# Goal of the exercise
Report each line of the data below in which "shows" appears.

***

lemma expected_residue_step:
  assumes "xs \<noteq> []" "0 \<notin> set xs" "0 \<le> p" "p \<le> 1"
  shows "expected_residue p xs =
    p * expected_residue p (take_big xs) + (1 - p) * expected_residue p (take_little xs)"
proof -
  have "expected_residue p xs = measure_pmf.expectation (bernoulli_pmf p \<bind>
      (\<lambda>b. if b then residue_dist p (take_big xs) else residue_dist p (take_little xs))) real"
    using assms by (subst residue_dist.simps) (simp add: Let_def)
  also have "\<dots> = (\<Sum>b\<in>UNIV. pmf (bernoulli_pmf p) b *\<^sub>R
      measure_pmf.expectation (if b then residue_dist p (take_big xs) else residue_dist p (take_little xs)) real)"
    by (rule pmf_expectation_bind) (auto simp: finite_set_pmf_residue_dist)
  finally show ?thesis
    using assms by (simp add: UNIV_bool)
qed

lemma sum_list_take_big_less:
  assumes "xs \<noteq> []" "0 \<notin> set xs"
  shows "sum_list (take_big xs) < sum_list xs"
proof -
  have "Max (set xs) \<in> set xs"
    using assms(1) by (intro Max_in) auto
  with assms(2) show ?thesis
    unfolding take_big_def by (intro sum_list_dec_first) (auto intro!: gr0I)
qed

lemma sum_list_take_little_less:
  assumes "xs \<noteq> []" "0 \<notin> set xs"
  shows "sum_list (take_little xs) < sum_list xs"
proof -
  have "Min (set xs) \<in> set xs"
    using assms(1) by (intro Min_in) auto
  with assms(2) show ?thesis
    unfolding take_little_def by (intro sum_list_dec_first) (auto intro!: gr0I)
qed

***

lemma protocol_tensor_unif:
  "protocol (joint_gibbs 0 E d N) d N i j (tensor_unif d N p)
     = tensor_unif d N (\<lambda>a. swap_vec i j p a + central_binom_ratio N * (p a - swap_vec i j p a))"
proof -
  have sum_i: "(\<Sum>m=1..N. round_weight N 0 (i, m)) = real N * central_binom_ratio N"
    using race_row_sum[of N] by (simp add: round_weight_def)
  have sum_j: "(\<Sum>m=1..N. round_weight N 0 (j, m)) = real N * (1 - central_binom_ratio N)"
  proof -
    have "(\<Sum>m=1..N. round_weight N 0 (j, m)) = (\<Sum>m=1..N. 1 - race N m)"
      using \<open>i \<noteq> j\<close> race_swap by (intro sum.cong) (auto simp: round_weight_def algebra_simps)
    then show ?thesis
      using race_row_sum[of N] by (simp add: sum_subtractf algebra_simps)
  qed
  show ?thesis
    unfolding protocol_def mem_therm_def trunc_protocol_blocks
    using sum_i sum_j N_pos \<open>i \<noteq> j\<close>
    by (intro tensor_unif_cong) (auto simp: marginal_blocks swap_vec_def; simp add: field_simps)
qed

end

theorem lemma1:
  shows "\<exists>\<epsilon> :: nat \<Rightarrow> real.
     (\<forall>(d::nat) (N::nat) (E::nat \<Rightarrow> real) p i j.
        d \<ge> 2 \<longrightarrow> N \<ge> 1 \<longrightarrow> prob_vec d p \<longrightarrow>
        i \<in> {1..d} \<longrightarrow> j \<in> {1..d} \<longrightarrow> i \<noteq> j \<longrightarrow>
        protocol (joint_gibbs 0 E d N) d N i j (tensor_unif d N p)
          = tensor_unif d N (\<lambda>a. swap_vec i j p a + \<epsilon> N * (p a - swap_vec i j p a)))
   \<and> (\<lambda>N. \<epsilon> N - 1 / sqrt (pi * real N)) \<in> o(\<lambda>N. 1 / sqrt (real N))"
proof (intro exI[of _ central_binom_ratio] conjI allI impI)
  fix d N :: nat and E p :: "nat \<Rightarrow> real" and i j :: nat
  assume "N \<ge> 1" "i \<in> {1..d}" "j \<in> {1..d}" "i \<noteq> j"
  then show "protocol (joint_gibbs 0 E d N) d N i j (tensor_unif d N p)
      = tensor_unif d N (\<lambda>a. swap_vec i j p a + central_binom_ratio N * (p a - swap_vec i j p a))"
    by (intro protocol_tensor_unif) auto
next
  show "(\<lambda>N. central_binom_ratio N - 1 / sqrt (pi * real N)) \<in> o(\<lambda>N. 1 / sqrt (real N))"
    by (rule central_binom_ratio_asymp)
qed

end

***

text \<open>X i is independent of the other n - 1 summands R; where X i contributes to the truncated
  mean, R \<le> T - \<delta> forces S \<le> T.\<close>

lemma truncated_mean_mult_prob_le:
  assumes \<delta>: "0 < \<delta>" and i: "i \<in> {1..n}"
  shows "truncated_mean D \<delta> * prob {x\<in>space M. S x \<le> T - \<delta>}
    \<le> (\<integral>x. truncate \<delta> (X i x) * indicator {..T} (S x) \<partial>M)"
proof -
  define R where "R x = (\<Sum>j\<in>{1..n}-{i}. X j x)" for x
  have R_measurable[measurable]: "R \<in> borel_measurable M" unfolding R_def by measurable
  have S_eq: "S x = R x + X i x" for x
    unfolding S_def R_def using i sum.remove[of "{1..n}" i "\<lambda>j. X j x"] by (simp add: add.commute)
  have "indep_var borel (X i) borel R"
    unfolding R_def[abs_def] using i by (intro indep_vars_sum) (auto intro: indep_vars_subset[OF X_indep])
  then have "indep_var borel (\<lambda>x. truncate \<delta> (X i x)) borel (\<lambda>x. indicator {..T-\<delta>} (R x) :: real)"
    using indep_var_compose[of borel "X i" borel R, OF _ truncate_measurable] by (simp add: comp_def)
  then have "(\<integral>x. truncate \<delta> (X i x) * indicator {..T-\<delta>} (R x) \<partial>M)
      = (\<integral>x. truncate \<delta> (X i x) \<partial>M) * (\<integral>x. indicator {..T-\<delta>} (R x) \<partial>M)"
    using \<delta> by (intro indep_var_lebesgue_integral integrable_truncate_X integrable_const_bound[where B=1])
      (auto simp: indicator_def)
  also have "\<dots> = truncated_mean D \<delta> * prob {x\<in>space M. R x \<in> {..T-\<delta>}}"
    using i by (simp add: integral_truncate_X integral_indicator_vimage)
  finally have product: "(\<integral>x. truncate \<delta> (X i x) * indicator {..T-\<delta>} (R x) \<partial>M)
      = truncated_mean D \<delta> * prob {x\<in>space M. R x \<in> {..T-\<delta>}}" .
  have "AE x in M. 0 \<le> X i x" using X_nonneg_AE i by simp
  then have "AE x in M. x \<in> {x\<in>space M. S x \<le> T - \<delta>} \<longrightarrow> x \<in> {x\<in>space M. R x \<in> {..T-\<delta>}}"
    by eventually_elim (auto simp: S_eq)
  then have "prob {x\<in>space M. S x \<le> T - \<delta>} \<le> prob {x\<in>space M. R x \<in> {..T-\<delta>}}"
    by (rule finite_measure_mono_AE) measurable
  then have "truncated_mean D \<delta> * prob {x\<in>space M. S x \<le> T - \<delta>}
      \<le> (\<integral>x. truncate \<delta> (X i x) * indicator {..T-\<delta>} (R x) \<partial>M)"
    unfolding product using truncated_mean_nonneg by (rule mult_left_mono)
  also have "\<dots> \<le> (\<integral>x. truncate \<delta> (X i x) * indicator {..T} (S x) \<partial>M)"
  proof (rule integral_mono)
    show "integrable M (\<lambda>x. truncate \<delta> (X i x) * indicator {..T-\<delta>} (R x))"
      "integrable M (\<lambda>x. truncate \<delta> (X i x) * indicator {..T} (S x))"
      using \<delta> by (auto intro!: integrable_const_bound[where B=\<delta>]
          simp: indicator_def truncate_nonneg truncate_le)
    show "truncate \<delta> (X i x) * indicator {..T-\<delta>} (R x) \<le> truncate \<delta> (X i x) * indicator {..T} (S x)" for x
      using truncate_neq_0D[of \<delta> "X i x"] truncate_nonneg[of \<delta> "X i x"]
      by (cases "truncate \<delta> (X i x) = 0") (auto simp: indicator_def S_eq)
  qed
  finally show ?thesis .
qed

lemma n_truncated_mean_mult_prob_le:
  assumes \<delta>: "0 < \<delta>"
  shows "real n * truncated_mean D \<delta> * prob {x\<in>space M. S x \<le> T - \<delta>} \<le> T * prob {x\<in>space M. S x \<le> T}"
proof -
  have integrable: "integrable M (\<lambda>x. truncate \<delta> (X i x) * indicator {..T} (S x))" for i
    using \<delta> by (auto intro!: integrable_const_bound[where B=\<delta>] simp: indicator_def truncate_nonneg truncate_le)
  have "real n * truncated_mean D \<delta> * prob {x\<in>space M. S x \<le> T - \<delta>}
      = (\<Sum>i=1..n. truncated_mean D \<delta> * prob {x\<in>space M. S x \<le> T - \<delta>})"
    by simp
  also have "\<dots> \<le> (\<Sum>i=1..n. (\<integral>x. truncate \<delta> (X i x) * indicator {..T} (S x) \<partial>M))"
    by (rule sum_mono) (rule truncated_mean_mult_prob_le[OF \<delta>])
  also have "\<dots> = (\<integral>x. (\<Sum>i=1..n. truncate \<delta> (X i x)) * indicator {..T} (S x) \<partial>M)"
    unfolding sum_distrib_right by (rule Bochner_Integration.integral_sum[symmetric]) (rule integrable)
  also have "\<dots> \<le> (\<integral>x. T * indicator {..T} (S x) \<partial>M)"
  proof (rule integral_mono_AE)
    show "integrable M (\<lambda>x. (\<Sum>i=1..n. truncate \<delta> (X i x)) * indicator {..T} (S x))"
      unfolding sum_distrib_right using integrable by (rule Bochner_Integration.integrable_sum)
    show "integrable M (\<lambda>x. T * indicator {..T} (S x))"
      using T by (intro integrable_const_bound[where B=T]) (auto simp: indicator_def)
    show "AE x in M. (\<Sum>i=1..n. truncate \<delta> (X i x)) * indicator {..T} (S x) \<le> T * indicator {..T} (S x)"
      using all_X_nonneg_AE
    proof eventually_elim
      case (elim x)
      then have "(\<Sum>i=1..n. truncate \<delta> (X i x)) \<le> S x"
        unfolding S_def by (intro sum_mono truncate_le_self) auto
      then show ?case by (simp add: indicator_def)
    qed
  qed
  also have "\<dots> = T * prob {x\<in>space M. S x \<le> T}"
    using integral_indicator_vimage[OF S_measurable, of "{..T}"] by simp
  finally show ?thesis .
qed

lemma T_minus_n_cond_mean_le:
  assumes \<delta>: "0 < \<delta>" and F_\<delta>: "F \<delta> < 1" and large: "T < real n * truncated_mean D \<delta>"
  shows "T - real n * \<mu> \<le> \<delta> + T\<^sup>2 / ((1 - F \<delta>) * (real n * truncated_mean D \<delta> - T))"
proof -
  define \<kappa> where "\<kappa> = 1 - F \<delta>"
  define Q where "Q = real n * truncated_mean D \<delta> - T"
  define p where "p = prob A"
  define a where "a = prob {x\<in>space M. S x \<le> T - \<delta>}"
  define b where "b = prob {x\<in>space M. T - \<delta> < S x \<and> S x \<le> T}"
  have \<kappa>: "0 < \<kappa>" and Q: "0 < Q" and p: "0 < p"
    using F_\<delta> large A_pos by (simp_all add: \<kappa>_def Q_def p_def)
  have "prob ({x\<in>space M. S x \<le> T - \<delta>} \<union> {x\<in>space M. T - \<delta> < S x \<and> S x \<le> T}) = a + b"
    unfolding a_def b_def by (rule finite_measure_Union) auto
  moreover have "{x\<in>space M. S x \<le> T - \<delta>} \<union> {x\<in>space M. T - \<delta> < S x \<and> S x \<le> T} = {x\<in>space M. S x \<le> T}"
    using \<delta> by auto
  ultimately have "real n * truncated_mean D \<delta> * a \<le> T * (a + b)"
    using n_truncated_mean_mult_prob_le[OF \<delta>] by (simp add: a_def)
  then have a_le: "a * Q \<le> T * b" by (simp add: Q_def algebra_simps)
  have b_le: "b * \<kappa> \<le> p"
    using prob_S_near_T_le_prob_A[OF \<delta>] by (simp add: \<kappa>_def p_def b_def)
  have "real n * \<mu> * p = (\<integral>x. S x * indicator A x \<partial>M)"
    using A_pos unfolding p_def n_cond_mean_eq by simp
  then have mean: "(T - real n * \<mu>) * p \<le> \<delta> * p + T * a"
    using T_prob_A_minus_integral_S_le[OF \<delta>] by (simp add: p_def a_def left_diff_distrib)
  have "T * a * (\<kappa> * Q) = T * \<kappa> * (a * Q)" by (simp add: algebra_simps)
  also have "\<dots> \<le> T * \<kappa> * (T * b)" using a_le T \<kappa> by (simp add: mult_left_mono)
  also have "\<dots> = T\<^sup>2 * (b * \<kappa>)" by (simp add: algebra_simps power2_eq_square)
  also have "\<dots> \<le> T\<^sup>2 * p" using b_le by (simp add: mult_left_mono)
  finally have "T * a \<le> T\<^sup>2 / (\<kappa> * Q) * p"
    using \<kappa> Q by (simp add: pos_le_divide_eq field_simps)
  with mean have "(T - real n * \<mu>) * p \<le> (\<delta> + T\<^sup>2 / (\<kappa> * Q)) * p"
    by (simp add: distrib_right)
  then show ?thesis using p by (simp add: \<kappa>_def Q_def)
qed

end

***

# Solution
  shows "expected_residue p xs =
  shows "sum_list (take_big xs) < sum_list xs"
  shows "sum_list (take_little xs) < sum_list xs"
  shows "\<exists>\<epsilon> :: nat \<Rightarrow> real.
  shows "truncated_mean D \<delta> * prob {x\<in>space M. S x \<le> T - \<delta>}
  shows "real n * truncated_mean D \<delta> * prob {x\<in>space M. S x \<le> T - \<delta>} \<le> T * prob {x\<in>space M. S x \<le> T}"
  shows "T - real n * \<mu> \<le> \<delta> + T\<^sup>2 / ((1 - F \<delta>) * (real n * truncated_mean D \<delta> - T))"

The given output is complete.